Is “succession planning” in an operating agreement essentially a section that deals with the transfer of membership interest in the event a member wishes to sell their interest, dies, is declared incompetent or goes bankrupt?

If those events are covered, does the operating agreement “provide for succession?”

Or, does providing for succession involve more specifics as to what qualifications a new member must have in order to become a voting member versus an assignee?

– Laurie, Texas


Most “template” operating agreements have transfer of membership interest provisions that essentially state that if a membership interest is transferred involuntarily, the transferee does not have voting rights unless the other members agree.

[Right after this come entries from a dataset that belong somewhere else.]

lemma cheb_coeff_three_term:
  assumes "Suc j < n"
  shows "cheb_coeff n h (Suc j) + 2 * cheb_coeff n h j =
           down_wt n h * cheb_coeff n (h - 1) (Suc j) - up_wt n (h + 1) * cheb_coeff n (h + 1) (Suc j)"
proof -
  define x where "x = real_of_int h"
  define D where "D = fact j ^ 2 * real ((n - 1) choose j)"
  define e where "e = (of_nat j + 1) * (real n - 1 - of_nat j)"
  have x: "2 * x + 1 \<noteq> 0" unfolding x_def by (rule two_of_int_plus_one_neq_0)
  have D: "D \<noteq> 0" using assms by (simp add: D_def)
  have e: "e \<noteq> 0" using assms by (auto simp: e_def)
  have c: "cheb_coeff n g (Suc j) = hahn_num (of_int g) (Suc j) / (D * e)" for g
    unfolding cheb_coeff_Suc[OF assms] D_def e_def ..
  have c0: "cheb_coeff n h j = hahn_num x j / D"
    by (simp only: cheb_coeff_def D_def x_def)
  have c_h: "cheb_coeff n h (Suc j) = hahn_num x (Suc j) / (D * e)"
    by (simp only: c x_def)
  have c_down: "cheb_coeff n (h - 1) (Suc j) = hahn_num (x - 1) (Suc j) / (D * e)"
    by (simp add: c x_def)
  have c_up: "cheb_coeff n (h + 1) (Suc j) = hahn_num (x + 1) (Suc j) / (D * e)"
    by (simp add: c x_def)
  have up: "up_wt n (h + 1) = (real n - x - 1) / (2 * x + 1)"
    by (simp add: up_wt_def x_def algebra_simps)
  have down: "down_wt n h = (real n + x) / (2 * x + 1)"
    by (simp add: down_wt_def x_def)
  have "cheb_coeff n h (Suc j) + 2 * cheb_coeff n h j = (hahn_num x (Suc j) + 2 * e * hahn_num x j) / (D * e)"
    unfolding c0 c_h using D e by (simp add: field_simps)
  also have "\<dots> = (2 * x + 1) * (hahn_num x (Suc j) + 2 * e * hahn_num x j) / ((2 * x + 1) * (D * e))"
    using x by (rule mult_divide_mult_cancel_left[symmetric])
  also have "(2 * x + 1) * (hahn_num x (Suc j) + 2 * e * hahn_num x j) =
               (real n + x) * hahn_num (x - 1) (Suc j) - (real n - x - 1) * hahn_num (x + 1) (Suc j)"
    using hahn_num_three_term[of x j "real n - 1"] by (simp add: e_def algebra_simps)
  also have "\<dots> / ((2 * x + 1) * (D * e)) =
               down_wt n h * cheb_coeff n (h - 1) (Suc j) - up_wt n (h + 1) * cheb_coeff n (h + 1) (Suc j)"
    unfolding c_down c_up up down times_divide_times_eq by (rule diff_divide_distrib)
  finally show ?thesis .
qed
lemma side_time_rec:
  assumes t: "is_tree V E" and e: "{a, u} \<in> E"
  shows "side_time \<rho> E V s a u = sched_time \<rho> (\<lambda>z. s {u, z} + side_time \<rho> E V s u z) (nbrs E V u - {a})"
proof -
  let ?W = "comp E V a u"
  note W = comp_edge_props[OF t e]
  have "side_time \<rho> E V s a u = sched_time \<rho> (\<lambda>z. s {u, z} + btime \<rho> E s (comp E ?W u z) z) (nbrs E ?W u)"
    unfolding side_time_def by (rule btime_rec[OF tree_no_loops[OF t] W(1,2)])
  also have "\<dots> = sched_time \<rho> (\<lambda>z. s {u, z} + side_time \<rho> E V s u z) (nbrs E V u - {a})"
    unfolding nbrs_comp_edge[OF t e]
  proof (rule sched_time_cong, rule ballI)
    fix z assume "z \<in> nbrs E V u - {a}"
    then have "{u, z} \<in> E" "a \<noteq> z" unfolding nbrs_def by auto
    then have "comp E V u z \<subseteq> ?W" by (intro comp_subset_comp_edge[OF t e])
    then show "s {u, z} + btime \<rho> E s (comp E ?W u z) z = s {u, z} + side_time \<rho> E V s u z"
      unfolding side_time_def by (simp add: comp_restrict[OF W(2,3)])
  qed
  finally show ?thesis .
qed

lemma side_time_nonneg:
  assumes "is_tree V E" "{a, u} \<in> E" "\<forall>e\<in>E. 0 \<le> s e" "0 \<le> \<rho>"
  shows "0 \<le> side_time \<rho> E V s a u"
  unfolding side_time_def
  using btime_nonneg[OF tree_no_loops[OF assms(1)] assms(3,4)] comp_edge_props[OF assms(1,2)] by blast

definition path_dist :: "real \<Rightarrow> ('v set \<Rightarrow> real) \<Rightarrow> 'v list \<Rightarrow> nat \<Rightarrow> real" where
  "path_dist \<rho> s xs i = (\<Sum>k = i..<length xs - 1. \<rho> + s {xs ! k, xs ! Suc k})"

locale tree_path =
  fixes V :: "'v set" and E :: "'v set set" and xs :: "'v list" and m :: nat
  assumes tree: "is_tree V E" and path: "is_path E xs" and length_path: "length xs = Suc m"
    and nontrivial: "1 \<le> m"
begin

lemma distinct_path: "distinct xs"
  using path unfolding is_path_def by simp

A provision like the above gives the LLC charging order protection, and is an asset protection tool. There is some adverse caselaw (in the bankruptcy context) when single member LLCs try this technique. Advanced asset protection is a tricky area of the law, and prone to abuse.

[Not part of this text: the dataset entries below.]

(* Let $k\ge 2$ be an integer and $i=4k-1$. Then for every $n\in\{2,3,\dots,k\}$, the numerical semigroup $S(i)$ admits a factorization into irreducible numerical semigroups of length $n$. Moreover, if $k\ge 3$, then $S(4k-1)$ admits at least two distinct factorizations of length $k$.
   Context: $\mathbb{N}$ denotes the non-negative integers. A numerical semigroup is a submonoid of $(\mathbb{N},+)$ with finite complement. A numerical semigroup is irreducible if it cannot be written as the intersection of two numerical semigroups properly containing it. For an odd integer $j\ge 3$, $T(j)=\{0,\tfrac{j+1}{2},\tfrac{j+1}{2}+1,\dots,j-1\}\cup\{n\in\mathbb{Z}:n\ge j+1\}$. For odd $i\ge5$, $S(i)=\langle 2,i\rangle\cap T(i)$, where $\langle 2,i\rangle=\{2x+iy:x,y\in\mathbb{N}\}$. Given a numerical semigroup $S$ and irreducible numerical semigroups $S_1,\dots,S_n$, the expression $S_1\cap\dots\cap S_n$ is a factorization of $S$ (of length $n$) if $S=S_1\cap\dots\cap S_n$ and $S\neq\bigcap_{j\in J}S_j$ for every nonempty proper subset $J\subsetneq\{1,\dots,n\}$. Two factorizations are distinct if their sets of factors $\{S_1,\dots,S_n\}$ differ. *)

theory Defs
  imports Main
begin

definition numerical_semigroup :: "nat set \<Rightarrow> bool" where
  "numerical_semigroup S \<longleftrightarrow> 0 \<in> S \<and> (\<forall>a\<in>S. \<forall>b\<in>S. a + b \<in> S) \<and> finite (UNIV - S)"

definition irreducible_ns :: "nat set \<Rightarrow> bool" where
  "irreducible_ns S \<longleftrightarrow> numerical_semigroup S \<and>
     \<not> (\<exists>A B. numerical_semigroup A \<and> numerical_semigroup B \<and> S \<subset> A \<and> S \<subset> B \<and> S = A \<inter> B)"

definition Tsg :: "nat \<Rightarrow> nat set" where
  "Tsg j = {0} \<union> {(j + 1) div 2 ..< j} \<union> {j + 1 ..}"

definition gen2 :: "nat \<Rightarrow> nat set" where
  "gen2 i = {2 * x + i * y | x y. True}"

definition Ssg :: "nat \<Rightarrow> nat set" where
  "Ssg i = gen2 i \<inter> Tsg i"

text \<open>A factorization of S, given by its (finite) set of factors; its length is the
  cardinality. Minimality forbids repeated factors, so sets suffice.\<close>
definition is_factorization :: "nat set \<Rightarrow> nat set set \<Rightarrow> bool" where
  "is_factorization S F \<longleftrightarrow> finite F \<and> F \<noteq> {} \<and> (\<forall>X\<in>F. irreducible_ns X) \<and> \<Inter>F = S \<and>
     (\<forall>G. G \<noteq> {} \<and> G \<subset> F \<longrightarrow> \<Inter>G \<noteq> S)"

end

theory Submission
  imports Defs
begin
(* Consider a logical circuit on $n$ logical qubits in which $m$ logical measurements have been performed, in the setting described in the context. Then there exists a full-rank matrix $V\in\mathbb{Z}_2^{m\times m}$, each column $\vec v_i$ of which corresponds to a logical measurement product, such that for each $i$ either $\vec v_i$ is a reliable logical Pauli product, or the (ideal) outcome of the product $\vec v_i$ is always uniformly random ($\pm1$ with probability $1/2$ each) and independent of the outcomes of the products corresponding to the other columns of $V$.
   Context: Setting: $n$ logical qubits, each initialized in a logical Pauli state $|\overline{0}\rangle$ or $|\overline{+}\rangle$ or in a magic state $|\overline{T}\rangle=(|\overline{0}\rangle+e^{i\pi/4}|\overline{1}\rangle)/\sqrt2$, acted on by (possibly classically conditioned) logical Clifford gates and single-qubit logical $\overline{Z}$ or $\overline{X}$ measurements. Upon execution this is a Clifford circuit, so every logical measurement is associated with a logical Pauli operator that can be back-propagated (conjugated by the preceding Clifford gates) to the initialization time. A product of a subset of the $m$ measurements is identified with a vector $\vec v\in\mathbb{Z}_2^m$ whose $j$th entry is $1$ iff the product includes the $j$th measurement. Define $M\in\mathbb{Z}_2^{2n\times m}$ by: the entry in row $i$ (resp. row $n+i$), column $j$ is $1$ iff the back-propagation of measurement $j$ to the initialization time has an $\overline{X}$-component (resp. $\overline{Z}$-component) on logical qubit $i$ (a $\overline{Y}$ has both). Let $\vec e_{x,i},\vec e_{z,i}\in\mathbb{Z}_2^{2n}$ be the unit vectors with a single $1$ in position $i$, respectively $n+i$. Let $B$ be the set containing: both $\vec e_{x,i}$ and $\vec e_{z,i}$ if qubit $i$ is initialized in $|\overline{T}\rangle$; only $\vec e_{z,i}$ if qubit $i$ is initialized in $|\overline{0}\rangle$; only $\vec e_{x,i}$ if qubit $i$ is initialized in $|\overline{+}\rangle$. A measurement product $\vec v$ is called a reliable logical Pauli product if $M\vec v\in\operatorname{span}B$.
   Formalization: Each back-propagated logical measurement carries a fixed sign and fixed $\overline{X}$/$\overline{Z}$ components, not depending on earlier outcomes, and each random column is independent of the joint outcomes of all other columns. Apart from conventions, each condition added here is assumed in the paper as well or is needed for the statement above to hold. *)

theory Defs
  imports Complex_Main "HOL-Library.Z2"
begin

datatype init_state = Init0 | InitPlus | InitT

text \<open>Computational basis of n qubits: bit strings b (b q = True means |1> on qubit q),
  with b q = False for q >= n.  States are amplitude functions on this basis.\<close>
definition basis :: "nat \<Rightarrow> (nat \<Rightarrow> bool) set" where
  "basis n = {b. \<forall>q. n \<le> q \<longrightarrow> \<not> b q}"

type_synonym qstate = "(nat \<Rightarrow> bool) \<Rightarrow> complex"

definition flipb :: "nat \<Rightarrow> (nat \<Rightarrow> bit) \<Rightarrow> (nat \<Rightarrow> bool) \<Rightarrow> (nat \<Rightarrow> bool)" where
  "flipb n x b = (\<lambda>q. if q < n \<and> x q = 1 then \<not> b q else b q)"

text \<open>Hermitian Pauli operator with X-part x and Z-part z (Y = i X Z on each qubit):
  P = i^(number of Y's) * X^x Z^z.\<close>
definition pauli_apply :: "nat \<Rightarrow> (nat \<Rightarrow> bit) \<Rightarrow> (nat \<Rightarrow> bit) \<Rightarrow> qstate \<Rightarrow> qstate" where
  "pauli_apply n x z \<psi> b =
     \<i> ^ card {q. q < n \<and> x q = 1 \<and> z q = 1}
     * (-1) ^ card {q. q < n \<and> z q = 1 \<and> flipb n x b q}
     * \<psi> (flipb n x b)"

As a general rule, once you start getting into the finer details of clauses in operating agreements, you really need to think about consulting an attorney.

Services like Legalzoom and their cohorts are excellent resources for routine filings such as setting up your LLC and acting as registered agent and even for giving you a template operating agreement.

When you get into asset protection and the like, you must consult an attorney. Drafting a complex contract based on what “some guy on the internet” told you is foolish–even if “that guy” is me!

My suggestion is that you use online services like Legalzoom to do the routine filings, and use the savings from that to hire an attorney to write a customized operating agreement for your LLC.

An LLC membership interest is an asset like a share of stock, and in that sense, upon the death of the owner, it will be distributed according to the decedent’s will (or in the absence of a will, via state law). What rights the person inheriting the membership interest will have in terms of control of the LLC, voting rights, the right to force distributions of profits and so forth, is determined by the operating agreement. That is where the asset protection issues discussed above come into play.